Em cada um dos 34 capítulos – todos curtos, vale destacar –, Anne Carson apresenta um determinado matiz do impulso erótico, desenvolvendo uma argumentação bastante sólida a respeito daquela ideia, exemplificada por excertos literários e filosóficos extraídos do que é canônico na cultura ocidental, apresentados inicialmente em suas línguas originais (boa parte deles advinda do grego clássico) e vertidos depois para o inglês (a partir dos quais a tradutora da presente edição, Julia Raiz, os verte para o português).

No exíguo prefácio, a autora, a propósito da evocação de um texto curto de Kafka, “O pião”, estabelece uma surpreendente, porque elíptica, relação entre metáfora, prazer e entendimento, cujos fios entrelaçados irão atravessar o ensaio de ponta a ponta. O doce-amargo do amor é a pura expressão da contradição e do paradoxo: o prazer e a dor. “… eros imprime o mesmo fato contraditório: amor e ódio convergem no desejo erótico”. Por quê? – pergunta-se a autora, apresentando a resposta já no início do capítulo seguinte:

A palavra grega eros denota “querer”, “falta”, “desejo” pelo que não está lá. Quem ama quer o que não tem. É, por definição, impossível para o amante ter o que deseja se, assim que ele tem, não quer mais.

Tal acepção convida Anne Carson, nesse momento, a passear pela filosofia de Simone Weil, pela poesia de Petrarca e de Emily Dickinson e pela psicanálise de Jacques Lacan para retornar, ao fim do percurso, a mais um fragmento de Safo, a poeta de cuja obra emanam os principais questionamentos da ensaísta e para a qual eles acabam por retornar.

A recuperação do itinerário que conduz ao nascimento do “eu” é um dos momentos mais emblemáticos do livro, quando Carson compatibiliza as contribuições da psicanálise com as da poesia para ampliar o entendimento do que seja a experiência erótica.

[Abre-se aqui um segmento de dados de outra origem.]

lemma psd_trace_zero:
  assumes "psd n M" "Re (mtrace n M) = 0" "i < n" "j < n"
  shows "M i j = 0"
proof -
  have "(\<Sum>a<n. Re (M a a)) = 0" using assms(2) unfolding mtrace_def by (simp add: Re_sum)
  then have "Re (M i i) = 0"
    using sum_nonneg_eq_0_iff[of "{..<n}" "\<lambda>a. Re (M a a)"] psd_diag[OF assms(1)] assms(3) by auto
  then have "M i i = 0" using psd_diag[OF assms(1,3)] by (simp add: complex_eq_iff)
  then show ?thesis using psd_zero_diag_row[OF assms(1,3,4)] by simp
qed

section \<open>Block structure of bipartite matrices\<close>

lemma sum_lessThan_mult:
  fixes f :: "nat \<Rightarrow> 'a::comm_monoid_add"
  shows "(\<Sum>r<m * n. f r) = (\<Sum>a<m. \<Sum>i<n. f (a * n + i))"
proof -
  have "(\<Sum>r\<in>{a * n..<a * n + n}. f r) = (\<Sum>i<n. f (a * n + i))" for a
    using sum.shift_bounds_nat_ivl[of f 0 "a * n" n] by (simp add: add.commute lessThan_atLeast0)
  then show ?thesis using sum.nat_group[of f n m] by simp
qed

lemma sum_lessThan_add:
  fixes f :: "nat \<Rightarrow> 'a::comm_monoid_add"
  shows "(\<Sum>t<k + d. f t) = (\<Sum>t<k. f t) + (\<Sum>i<d. f (k + i))"
  by (induction d) (simp_all add: ac_simps)

lemma block_index_less:
  assumes "b < k" "i < (d::nat)"
  shows "b * d + i < k * d"
proof -
  have "b * d + i < Suc b * d" using assms(2) by simp
  also have "\<dots> \<le> k * d" using assms(1) by (intro mult_le_mono1) simp
  finally show ?thesis .
qed

lemma sum_lessThan_mult_single_block:
  fixes g :: "nat \<Rightarrow> 'a::comm_monoid_add"
  assumes "j < k" "\<And>r. r div d \<noteq> j \<Longrightarrow> g r = 0"
  shows "(\<Sum>r<k * d. g r) = (\<Sum>i<d. g (j * d + i))"
proof -
  have "(\<Sum>i<d. g (b * d + i)) = 0" if "b \<noteq> j" for b
    using assms(2) that by (intro sum.neutral) auto
  then have "(\<Sum>b<k. \<Sum>i<d. g (b * d + i)) = (\<Sum>b\<in>{j}. \<Sum>i<d. g (b * d + i))"
    using assms(1) by (intro sum.mono_neutral_right) auto
  then show ?thesis by (simp add: sum_lessThan_mult)
qed

lemma qform_block_diag:
  assumes "j < k"
  shows "qform (k * d) (\<lambda>r. if r div d = j then v (r mod d) else 0) A = qform d v (block d A j j)"
proof -
  let ?u = "\<lambda>r. if r div d = j then v (r mod d) else 0"
  have "qform (k * d) ?u A = (\<Sum>i<d. \<Sum>s<k * d. cnj (?u (j * d + i)) * A (j * d + i) s * ?u s)"
    unfolding qform_def by (rule sum_lessThan_mult_single_block[OF assms]) simp
  also have "\<dots> = (\<Sum>i<d. \<Sum>i'<d. cnj (?u (j * d + i)) * A (j * d + i) (j * d + i') * ?u (j * d + i'))"
    by (intro sum.cong refl sum_lessThan_mult_single_block[OF assms]) simp
  also have "\<dots> = qform d v (block d A j j)"
    unfolding qform_def block_def by (intro sum.cong refl) simp
  finally show ?thesis .
qed

lemma psd_block_diag: "psd (k * d) A \<Longrightarrow> j < k \<Longrightarrow> psd d (block d A j j)"
  using qform_block_diag unfolding psd_iff_qform by metis

lemma mtrace_blocks: "mtrace (k * d) A = (\<Sum>j<k. mtrace d (block d A j j))"
  unfolding mtrace_def block_def sum_lessThan_mult ..

lemma guess_weight_eq_mtrace_block: "guess_weight d X j = mtrace d (block d X j j)"
  unfolding guess_weight_def mtrace_def block_def ..

lemma guess_weight_le_one:
  assumes "psd (k * d) X" "mtrace (k * d) X = 1" "j < k"
  shows "Im (guess_weight d X j) = 0 \<and> Re (guess_weight d X j) \<le> 1"
proof -
  have block_psd: "psd d (block d X b b)" if "b < k" for b
    using psd_block_diag[OF assms(1) that] .
  have "Re (mtrace d (block d X j j)) \<le> (\<Sum>b<k. Re (mtrace d (block d X b b)))"
    using assms(3) by (intro member_le_sum psd_mtrace_nonneg block_psd) auto
  also have "\<dots> = 1" using assms(2) by (simp add: mtrace_blocks flip: Re_sum)
  finally show ?thesis
    using psd_mtrace_real[OF block_psd[OF assms(3)]]
    unfolding guess_weight_eq_mtrace_block by (metis Im_complex_of_real)
qed

lemma ptrace_B_perfect_guess:
  assumes "psd (k * d) X" "mtrace (k * d) X = 1" "j < k" "guess_weight d X j = 1"
    and "i < d" "i' < d"
  shows "ptrace_B k d X i i' = block d X j j i i'"
proof -
  define f where "f b = Re (mtrace d (block d X b b))" for b
  have block_psd: "psd d (block d X b b)" if "b < k" for b
    using psd_block_diag[OF assms(1) that] .
  have "(\<Sum>b<k. f b) = f j + (\<Sum>b\<in>{..<k} - {j}. f b)"
    using assms(3) by (subst sum.remove[of _ j]) auto
  moreover have "(\<Sum>b<k. f b) = 1" "f j = 1"
    using assms(2,4) unfolding f_def guess_weight_eq_mtrace_block by (simp_all add: mtrace_blocks flip: Re_sum)
  ultimately have "(\<Sum>b\<in>{..<k} - {j}. f b) = 0" by simp
  then have "f b = 0" if "b \<in> {..<k} - {j}" for b
    using that sum_nonneg_eq_0_iff[of "{..<k} - {j}" f] psd_mtrace_nonneg[OF block_psd]
    unfolding f_def by auto
  then have "block d X b b i i' = 0" if "b \<in> {..<k} - {j}" for b
    using that psd_trace_zero[OF block_psd _ assms(5,6)] unfolding f_def by auto
  then have "ptrace_B k d X i i' = block d X j j i i' + (\<Sum>b\<in>{..<k} - {j}. 0)"
    using assms(3) unfolding ptrace_B_def by (subst sum.remove[of _ j]) (auto simp: block_def)
  then show ?thesis by simp
qed

section \<open>Robustness of coherence\<close>

lemma robustness_cong:
  assumes "\<forall>i<n. \<forall>j<n. \<sigma> i j = \<sigma>' i j"
  shows "robustness n \<sigma> = robustness n \<sigma>'"
proof -
  have "incoherent n (\<lambda>i j. (\<sigma> i j + c * \<tau> i j) / e) \<longleftrightarrow> incoherent n (\<lambda>i j. (\<sigma>' i j + c * \<tau> i j) / e)"
    for c e \<tau>
  proof
    assume "incoherent n (\<lambda>i j. (\<sigma> i j + c * \<tau> i j) / e)"
    then show "incoherent n (\<lambda>i j. (\<sigma>' i j + c * \<tau> i j) / e)"
      by (rule incoherent_cong) (simp add: assms)
  next
    assume "incoherent n (\<lambda>i j. (\<sigma>' i j + c * \<tau> i j) / e)"
    then show "incoherent n (\<lambda>i j. (\<sigma> i j + c * \<tau> i j) / e)"
      by (rule incoherent_cong) (simp add: assms)
  qed
  then show ?thesis unfolding robustness_def by simp
qed

lemma robustness_le_witness:
  assumes "0 \<le> s" "density n \<tau>"
    and "incoherent n (\<lambda>i j. (\<sigma> i j + complex_of_real s * \<tau> i j) / complex_of_real (1 + s))"
  shows "0 \<le> robustness n \<sigma> \<and> robustness n \<sigma> \<le> s"
proof -
  let ?S = "{s::real. s \<ge> 0 \<and> (\<exists>\<tau>. density n \<tau> \<and>
      incoherent n (\<lambda>i j. (\<sigma> i j + complex_of_real s * \<tau> i j) / complex_of_real (1 + s)))}"
  have "s \<in> ?S" using assms by blast
  moreover have "bdd_below ?S" by (auto simp: bdd_below_def)
  ultimately have "Inf ?S \<le> s" "0 \<le> Inf ?S" by (auto intro: cInf_lower cInf_greatest)
  then show ?thesis unfolding robustness_def by simp
qed
lemma fin_pos_antimono: "I \<subseteq> J \<Longrightarrow> fin_pos J \<subseteq> fin_pos I"
  unfolding fin_pos_def by blast

lemma SFIP_imp_infinite:
  assumes "SFIP \<F>" and "F \<in> \<F>"
  shows "infinite F"
proof -
  have "infinite (\<Inter>{F})"
    using assms unfolding SFIP_def
    by (metis empty_not_insert finite.simps insert_subsetI empty_subsetI)
  then show ?thesis by simp
qed

lemma p_eq_c_pseudointersection:
  assumes "p_eq_c" and "|\<F>| <o |UNIV :: nat set set|" and "SFIP \<F>"
  obtains B where "pseudointersection B \<F>"
proof -
  have "\<not> p_witness \<F>"
    using assms(1,2) not_ordLess_ordLeq unfolding p_eq_c_def by blast
  then show ?thesis
    using assms(3) SFIP_imp_infinite that unfolding p_witness_def by blast
qed

lemma p_eq_c_pseudointersection_finite_sets:
  fixes \<X> :: "nat set set set"
  assumes "p_eq_c" and "|\<X>| <o |UNIV :: nat set set|"
    and finite_members: "\<And>X s. X \<in> \<X> \<Longrightarrow> s \<in> X \<Longrightarrow> finite s"
    and fip: "\<And>\<G>. finite \<G> \<Longrightarrow> \<G> \<noteq> {} \<Longrightarrow> \<G> \<subseteq> \<X> \<Longrightarrow> infinite (\<Inter>\<G>)"
  obtains Y where "infinite Y" and "\<forall>X\<in>\<X>. finite (Y - X)"
proof -
  have inj_encode: "inj_on set_encode S" if "\<forall>s\<in>S. finite s" for S :: "nat set set"
    using inj_on_subset[OF inj_on_set_encode] that by blast
  define \<F> where "\<F> = (\<lambda>X. set_encode ` X) ` \<X>"
  have "|\<F>| <o |UNIV :: nat set set|"
    unfolding \<F>_def using card_of_image assms(2) by (rule ordLeq_ordLess_trans)
  moreover have "SFIP \<F>"
    unfolding SFIP_def
  proof (intro allI impI)
    fix G assume G: "finite G \<and> G \<noteq> {} \<and> G \<subseteq> \<F>"
    then obtain \<G> where \<G>: "\<G> \<subseteq> \<X>" "finite \<G>" "G = (\<lambda>X. set_encode ` X) ` \<G>"
      unfolding \<F>_def by (meson finite_subset_image)
    with G have "\<G> \<noteq> {}" by blast
    then have "\<forall>s\<in>\<Inter>\<G>. finite s" using \<G>(1) finite_members by blast
    then have "infinite (set_encode ` \<Inter>\<G>)"
      using fip[OF \<G>(2) \<open>\<G> \<noteq> {}\<close> \<G>(1)] inj_encode finite_image_iff by blast
    moreover have "set_encode ` \<Inter>\<G> \<subseteq> \<Inter>G" using \<G>(3) by blast
    ultimately show "infinite (\<Inter>G)" using finite_subset by blast
  qed
  ultimately obtain B where B: "pseudointersection B \<F>"
    using p_eq_c_pseudointersection[OF \<open>p_eq_c\<close>] by blast
  show ?thesis
  proof
    have "inj set_decode" by (rule inj_on_inverseI[of _ set_encode]) simp
    then show "infinite (set_decode ` B)"
      using B unfolding pseudointersection_def by (simp add: finite_image_iff inj_on_subset)
  next
    show "\<forall>X\<in>\<X>. finite (set_decode ` B - X)"
    proof
      fix X assume "X \<in> \<X>"
      then have "finite (B - set_encode ` X)"
        using B unfolding pseudointersection_def \<F>_def by blast
      moreover have "set_decode ` B - X \<subseteq> set_decode ` (B - set_encode ` X)"
        using finite_members[OF \<open>X \<in> \<X>\<close>] by auto
      ultimately show "finite (set_decode ` B - X)" by (meson finite_imageI finite_subset)
    qed
  qed
qed
lemma Astar_row0_sum:
  assumes "1 \<le> N"
  shows "(\<Sum>k\<le>N. Astar N alpha b 0 k * f k) = - (\<Sum>k=1..N. alpha k) * f 0 + b 1 * f 1"
proof -
  have "(\<Sum>k\<le>N. Astar N alpha b 0 k * f k) =
      (\<Sum>k\<le>N. (if k = 0 then - (\<Sum>k=1..N. alpha k) * f 0 else 0) + (if k = 1 then b 1 * f 1 else 0))"
    by (rule sum.cong) (auto simp: Astar_def)
  also have "\<dots> = - (\<Sum>k=1..N. alpha k) * f 0 + b 1 * f 1"
    using assms by (simp add: sum.distrib)
  finally show ?thesis .
qed

lemma Astar_row_sum:
  assumes "1 \<le> j" "j \<le> N"
  shows "(\<Sum>k\<le>N. Astar N alpha b j k * f k)
    = alpha j * f 0 - b j * f j + (if j < N then b (Suc j) * f (Suc j) else 0)"
proof -
  have "(\<Sum>k\<le>N. Astar N alpha b j k * f k) =
      (\<Sum>k\<le>N. (if k = 0 then alpha j * f 0 else 0) + (if k = j then - b j * f j else 0)
        + (if j < N \<and> k = Suc j then b (Suc j) * f (Suc j) else 0))"
    by (rule sum.cong) (use assms in \<open>auto simp: Astar_def\<close>)
  also have "\<dots> = alpha j * f 0 - b j * f j + (if j < N then b (Suc j) * f (Suc j) else 0)"
    using assms by (simp add: sum.distrib)
  finally show ?thesis .
qed

lemma markov_generator_transpose_Astar:
  assumes "N \<ge> 1" "\<forall>j\<in>{1..N}. alpha j \<ge> 0" "\<forall>j\<in>{1..N}. b j > 0"
  shows "markov_generator N (\<lambda>i j. Astar N alpha b j i)"
  unfolding markov_generator_def
proof (intro conjI allI impI)
  fix i j assume "i \<le> N" "j \<le> N" "i \<noteq> j"
  then show "0 \<le> Astar N alpha b j i"
    using assms by (auto simp: Astar_def less_imp_le)
next
  fix i assume "i \<le> N"
  show "(\<Sum>j\<le>N. Astar N alpha b j i) = 0"
  proof (cases "i = 0")
    case True
    have "(\<Sum>j\<le>N. Astar N alpha b j 0) = Astar N alpha b 0 0 + (\<Sum>j=1..N. Astar N alpha b j 0)"
      by (simp add: atMost_atLeast0 sum.atLeast_Suc_atMost)
    also have "(\<Sum>j=1..N. Astar N alpha b j 0) = (\<Sum>j=1..N. alpha j)"
      by (rule sum.cong) (auto simp: Astar_def)
    finally show ?thesis
      using True by (simp add: Astar_def)
  next
    case False
    have "(\<Sum>j\<le>N. Astar N alpha b j i) =
        (\<Sum>j\<le>N. (if j = i - 1 then b i else 0) + (if j = i then - b i else 0))"
      by (rule sum.cong) (use False \<open>i \<le> N\<close> in \<open>auto simp: Astar_def\<close>)
    also have "\<dots> = 0"
      using False \<open>i \<le> N\<close> by (simp add: sum.distrib)
    finally show ?thesis .
  qed
qed

definition exp_conv :: "real \<Rightarrow> (real \<Rightarrow> real) \<Rightarrow> real \<Rightarrow> real" where
  "exp_conv \<beta> u x = integral {0..x} (\<lambda>s. exp (- \<beta> * (x - s)) * u s)"

lemma exp_conv_0: "exp_conv \<beta> u 0 = 0"
  by (simp add: exp_conv_def)

lemma exp_conv_has_real_derivative:
  assumes "continuous_on {0..T} u" "x \<in> {0..T}"
  shows "(exp_conv \<beta> u has_real_derivative u x - \<beta> * exp_conv \<beta> u x) (at x within {0..T})"
proof -
  define I where "I x = integral {0..x} (\<lambda>s. exp (\<beta> * s) * u s)" for x
  have shift: "exp (- \<beta> * (x - s)) * u s = exp (- \<beta> * x) * (exp (\<beta> * s) * u s)" for x s
    by (simp add: exp_add[symmetric] algebra_simps)
  have eq: "exp_conv \<beta> u = (\<lambda>x. exp (- \<beta> * x) * I x)"
    unfolding exp_conv_def I_def shift by simp
  have "(I has_real_derivative exp (\<beta> * x) * u x) (at x within {0..T})"
    unfolding I_def using assms by (intro integral_has_real_derivative continuous_intros)
  then have "(exp_conv \<beta> u has_real_derivative
      exp (- \<beta> * x) * (exp (\<beta> * x) * u x) - \<beta> * exp (- \<beta> * x) * I x) (at x within {0..T})"
    unfolding eq by (auto intro!: derivative_eq_intros)
  then show ?thesis
    by (simp add: eq mult.assoc[symmetric] exp_add[symmetric])
qed

lemma integral_kernel_conv:
  assumes "continuous_on {0..x} u"
  shows "integral {0..x} (\<lambda>s. kernel N alpha b (x - s) * u s)
    = b 1 * chain_sum N alpha b (\<lambda>i. exp_conv (b i) u x) 1"
proof -
  have "(\<lambda>s. kernel N alpha b (x - s) * u s)
      = (\<lambda>s. \<Sum>m=1..N. \<Sum>i=1..m. alpha m * (b i * psi b i m) * (exp (- b i * (x - s)) * u s))"
    by (simp add: kernel_def Kj_def sum_distrib_left sum_distrib_right mult_ac)
  moreover have "((\<lambda>s. \<Sum>m=1..N. \<Sum>i=1..m. alpha m * (b i * psi b i m) * (exp (- b i * (x - s)) * u s))
      has_integral (\<Sum>m=1..N. \<Sum>i=1..m. alpha m * (b i * psi b i m) * exp_conv (b i) u x)) {0..x}"
    unfolding exp_conv_def using assms
    by (intro has_integral_sum finite_atLeastAtMost has_integral_mult_right integrable_integral
        integrable_continuous_interval continuous_intros)
  ultimately have "integral {0..x} (\<lambda>s. kernel N alpha b (x - s) * u s)
      = (\<Sum>m=1..N. \<Sum>i=1..m. alpha m * (b i * psi b i m) * exp_conv (b i) u x)"
    by (simp add: integral_unique)
  also have "\<dots> = b 1 * chain_sum N alpha b (\<lambda>i. exp_conv (b i) u x) 1"
    unfolding chain_sum_def sum_distrib_left
  proof (intro sum.cong refl)
    fix m i :: nat assume "i \<in> {1..m}"
    then have "b i * psi b i m = b 1 * chain_coeff b 1 m i"
      by (intro chain_coeff_1_eq_psi[symmetric]) auto
    then show "alpha m * (b i * psi b i m) * exp_conv (b i) u x
        = b 1 * (alpha m * (chain_coeff b 1 m i * exp_conv (b i) u x))"
      by (simp add: mult_ac)
  qed
  finally show ?thesis .
qed

definition chain_solution ::
    "nat \<Rightarrow> (nat \<Rightarrow> real) \<Rightarrow> (nat \<Rightarrow> real) \<Rightarrow> (real \<Rightarrow> real) \<Rightarrow> nat \<Rightarrow> real \<Rightarrow> real" where
  "chain_solution N alpha b u j x =
     (if j = 0 then u x else chain_sum N alpha b (\<lambda>i. exp_conv (b i) u x) j)"

lemma chain_solution_at_0: "chain_solution N alpha b u j 0 = (if j = 0 then u 0 else 0)"
  unfolding chain_solution_def chain_sum_def exp_conv_0 by simp

lemma chain_solution_has_real_derivative:
  assumes "1 \<le> N" "inj_on b {1..N}" "continuous_on {0..T} u" "x \<in> {0..T}" "j \<le> N"
    and u': "(u has_real_derivative - (\<Sum>j=1..N. alpha j) * u x
      + integral {0..x} (\<lambda>s. kernel N alpha b (x - s) * u s)) (at x within {0..T})"
  shows "(chain_solution N alpha b u j has_real_derivative
      (\<Sum>k\<le>N. Astar N alpha b j k * chain_solution N alpha b u k x)) (at x within {0..T})"
proof (cases "j = 0")
  case True
  have "continuous_on {0..x} u"
    using assms by (auto intro: continuous_on_subset)
  then have "integral {0..x} (\<lambda>s. kernel N alpha b (x - s) * u s) = b 1 * chain_solution N alpha b u 1 x"
    by (simp add: integral_kernel_conv chain_solution_def)
  moreover have "chain_solution N alpha b u 0 = u"
    by (simp add: chain_solution_def [abs_def])
  ultimately show ?thesis
    using u' True by (simp add: Astar_row0_sum[OF \<open>1 \<le> N\<close>])
next
  case False
  define X where "X x = (\<lambda>i. exp_conv (b i) u x)" for x
  have "inj_on b {j..N}"
    using assms False by (auto intro: inj_on_subset)
  have "((\<lambda>x. chain_sum N alpha b (X x) j) has_real_derivative
      chain_sum N alpha b (\<lambda>i. u x - b i * X x i) j) (at x within {0..T})"
    unfolding chain_sum_def X_def by (intro DERIV_sum DERIV_cmult exp_conv_has_real_derivative assms)
  moreover have "chain_sum N alpha b (\<lambda>i. u x - b i * X x i) j
      = alpha j * u x - b j * chain_sum N alpha b (X x) j + b (Suc j) * chain_sum N alpha b (X x) (Suc j)"
    using \<open>j \<le> N\<close> \<open>inj_on b {j..N}\<close>
    by (simp add: chain_sum_diff chain_sum_const chain_sum_mult_rates mult.commute)
  \<comment> \<open>for \<open>j = N\<close> the \<open>Suc j\<close> term is an empty sum, matching the missing entry of \<open>A\<^sup>*\<close>\<close>
  moreover have "\<dots> = (\<Sum>k\<le>N. Astar N alpha b j k * chain_solution N alpha b u k x)"
    using False assms by (simp add: Astar_row_sum chain_solution_def X_def chain_sum_def)
  ultimately show ?thesis
    using False by (simp add: chain_solution_def [abs_def] X_def)
qed

lemma chain_solution_solves_ode:
  assumes "1 \<le> N" "inj_on b {1..N}" "0 \<le> T"
    and u': "\<forall>t\<ge>0. (u has_real_derivative
        (- (\<Sum>j=1..N. alpha j) * u t + integral {0..t} (\<lambda>s. kernel N alpha b (t - s) * u s)))
        (at t within {0..})"
    and "i \<le> N" "t \<in> {0..T}"
  shows "(chain_solution N alpha b u i has_real_derivative
      (\<Sum>k\<le>N. Astar N alpha b i k * chain_solution N alpha b u k t)) (at t within {0..T})"
proof -
  have u'_T: "(u has_real_derivative - (\<Sum>j=1..N. alpha j) * u x
      + integral {0..x} (\<lambda>s. kernel N alpha b (x - s) * u s)) (at x within {0..T})" if "x \<in> {0..T}" for x
  proof (rule DERIV_subset)
    show "(u has_real_derivative - (\<Sum>j=1..N. alpha j) * u x
        + integral {0..x} (\<lambda>s. kernel N alpha b (x - s) * u s)) (at x within {0..})"
      using u' that by simp
  qed auto
  then have "continuous_on {0..T} u"
    unfolding continuous_on_eq_continuous_within using DERIV_continuous by blast
  with assms u'_T[OF \<open>t \<in> {0..T}\<close>] show ?thesis
    by (intro chain_solution_has_real_derivative)
qed
lemma dilate_invariant_coeffs:
  fixes f :: "nat \<Rightarrow> 'a::idom"
  assumes "m > 0" "t * t' mod m = 1 mod m"
    and "cong_cyc m (dilate t (poly_of_coeffs m f)) (poly_of_coeffs m f)" "j < m"
  shows "f (t' * j mod m) = f j"
proof -
  have "cong_cyc m (poly_of_coeffs m (\<lambda>j. f (t' * j mod m))) (poly_of_coeffs m f)"
    using cong_cyc_sym[OF cong_cyc_dilate_poly_of_coeffs[OF assms(1,2)]] assms(3)
    by (rule cong_cyc_trans)
  from cong_cyc_poly_of_coeffs_eq[OF assms(1) this assms(4)] show ?thesis .
qed

text \<open>\<open>dilate (m - 1)\<close> is the involution \<open>x \<mapsto> x^-1\<close> of \<open>\<int>[x]/(x^m - 1)\<close>.\<close>

definition cyc_norm :: "nat \<Rightarrow> 'a::comm_semiring_1 poly \<Rightarrow> 'a poly" where
  "cyc_norm m p = p * dilate (m - 1) p"

lemma cong_cyc_cyc_norm: "cong_cyc m p q \<Longrightarrow> cong_cyc m (cyc_norm m p) (cyc_norm m q)"
  unfolding cyc_norm_def by (intro cong_cyc_mult cong_cyc_dilate)

lemma cyc_norm_mult: "cyc_norm m (p * q) = cyc_norm m p * cyc_norm m q"
  by (simp add: cyc_norm_def dilate_mult ac_simps)

lemma cyc_norm_smult: "cyc_norm m (smult c p) = smult (c * c) (cyc_norm m p)"
  by (simp add: cyc_norm_def dilate_smult)

lemma cyc_norm_dilate: "cyc_norm m (dilate t p) = dilate t (cyc_norm m p)"
  by (simp add: cyc_norm_def dilate_mult dilate_dilate mult.commute)

lemma poly_cyc_norm_1: "poly (cyc_norm m p) 1 = poly p 1 * poly p 1"
  by (simp add: cyc_norm_def poly_dilate_1)

lemma cong_cyc_cyc_norm_monom:
  assumes "m > 0"
  shows "cong_cyc m (cyc_norm m (monom 1 c)) 1"
proof -
  have "cyc_norm m (monom 1 c) = monom 1 (m * c)"
    using assms by (simp add: cyc_norm_def dilate_monom mult_monom algebra_simps)
  also have "cong_cyc m \<dots> (monom 1 0)"
    by (rule cong_cyc_monom_exp) simp
  finally show ?thesis by (simp add: monom_0 one_pCons)
qed

lemma cong_cyc_cyc_norm_translate:
  assumes "m > 0"
  shows "cong_cyc m (cyc_norm m (monom 1 c * E)) (cyc_norm m E)"
  using cong_cyc_mult_right[OF cong_cyc_cyc_norm_monom[OF assms], of c "cyc_norm m E"]
  by (simp add: cyc_norm_mult)

section \<open>Periodic autocorrelation and circulant matrices\<close>

definition periodic_autocorrelation :: "nat \<Rightarrow> (nat \<Rightarrow> 'a::comm_ring_1) \<Rightarrow> nat \<Rightarrow> 'a" where
  "periodic_autocorrelation m a j = (\<Sum>l<m. a l * a (nat ((int l - int j) mod int m)))"

lemma cong_cyc_cyc_norm_autocorrelation:
  assumes "m > 0"
  shows "cong_cyc m (cyc_norm m (poly_of_coeffs m a)) (poly_of_coeffs m (periodic_autocorrelation m a))"
proof -
  define d where "d i l = nat ((int i - int l) mod int m)" for i l
  have d_less: "d i l < m" for i l
    using assms by (simp add: d_def nat_less_iff)
  have int_d: "int (d i l) = (int i - int l) mod int m" for i l
    using assms by (simp add: d_def)
  have d_d: "d i (d i l) = l" if "l < m" for i l
  proof -
    have "int (d i (d i l)) = (int i - (int i - int l) mod int m) mod int m"
      by (simp add: int_d)
    also have "\<dots> = int l"
      using that by (simp add: mod_diff_right_eq)
    finally show ?thesis by simp
  qed
  have d_exp: "(i + l * (m - 1)) mod m = d i l" for i l
  proof -
    have "int ((i + l * (m - 1)) mod m) = (int i + int l * (int m - 1)) mod int m"
      using assms by (simp add: of_nat_mod of_nat_diff)
    also have "\<dots> = ((int i - int l) + int l * int m) mod int m"
      by (simp add: algebra_simps)
    also have "\<dots> = int (d i l)"
      by (simp add: int_d)
    finally show ?thesis by simp
  qed
  have "cyc_norm m (poly_of_coeffs m a) = (\<Sum>i<m. \<Sum>l<m. monom (a i * a l) (i + l * (m - 1)))"
    by (simp add: cyc_norm_def poly_of_coeffs_def dilate_sum dilate_monom sum_product mult_monom)
  also have "cong_cyc m \<dots> (\<Sum>i<m. \<Sum>l<m. monom (a i * a l) (d i l))"
    by (intro cong_cyc_sum cong_cyc_monom_exp) (simp only: d_exp mod_less[OF d_less])
  also have "\<dots> = (\<Sum>i<m. \<Sum>j<m. monom (a i * a (d i j)) j)"
  proof (rule sum.cong[OF refl])
    fix i
    show "(\<Sum>l<m. monom (a i * a l) (d i l)) = (\<Sum>j<m. monom (a i * a (d i j)) j)"
      by (rule sum.reindex_bij_witness[where i = "d i" and j = "d i"]) (auto simp: d_d d_less)
  qed
  also have "\<dots> = poly_of_coeffs m (periodic_autocorrelation m a)"
    unfolding poly_of_coeffs_def periodic_autocorrelation_def d_def
    by (subst sum.swap) (simp add: monom_sum)
  finally show ?thesis .
qed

Primeiramente, a autora evoca a teoria freudiana, que atribui a noção de “eu” a uma decisão fundamental de amor e ódio. (“A distinção entre o eu e o não eu é feita por meio da decisão de reivindicar tudo o que o ego gosta como ‘meu’ e rejeitar tudo o que o ego não gosta como ‘não meu’”). É a partir dessa definição ontogenética que o filólogo clássico alemão Bruno Snell vai explicar o surgimento do individualismo na sociedade grega, na virada do período arcaico para o período clássico, creditando aos poetas do período arcaico o exercício da ambivalência que divide a alma, flagrada, assim, em assombro ao experimentar as contradições de eros. Trata-se, segundo Snell, da “descoberta da mente”, por meio da qual o eu irá se consolidar.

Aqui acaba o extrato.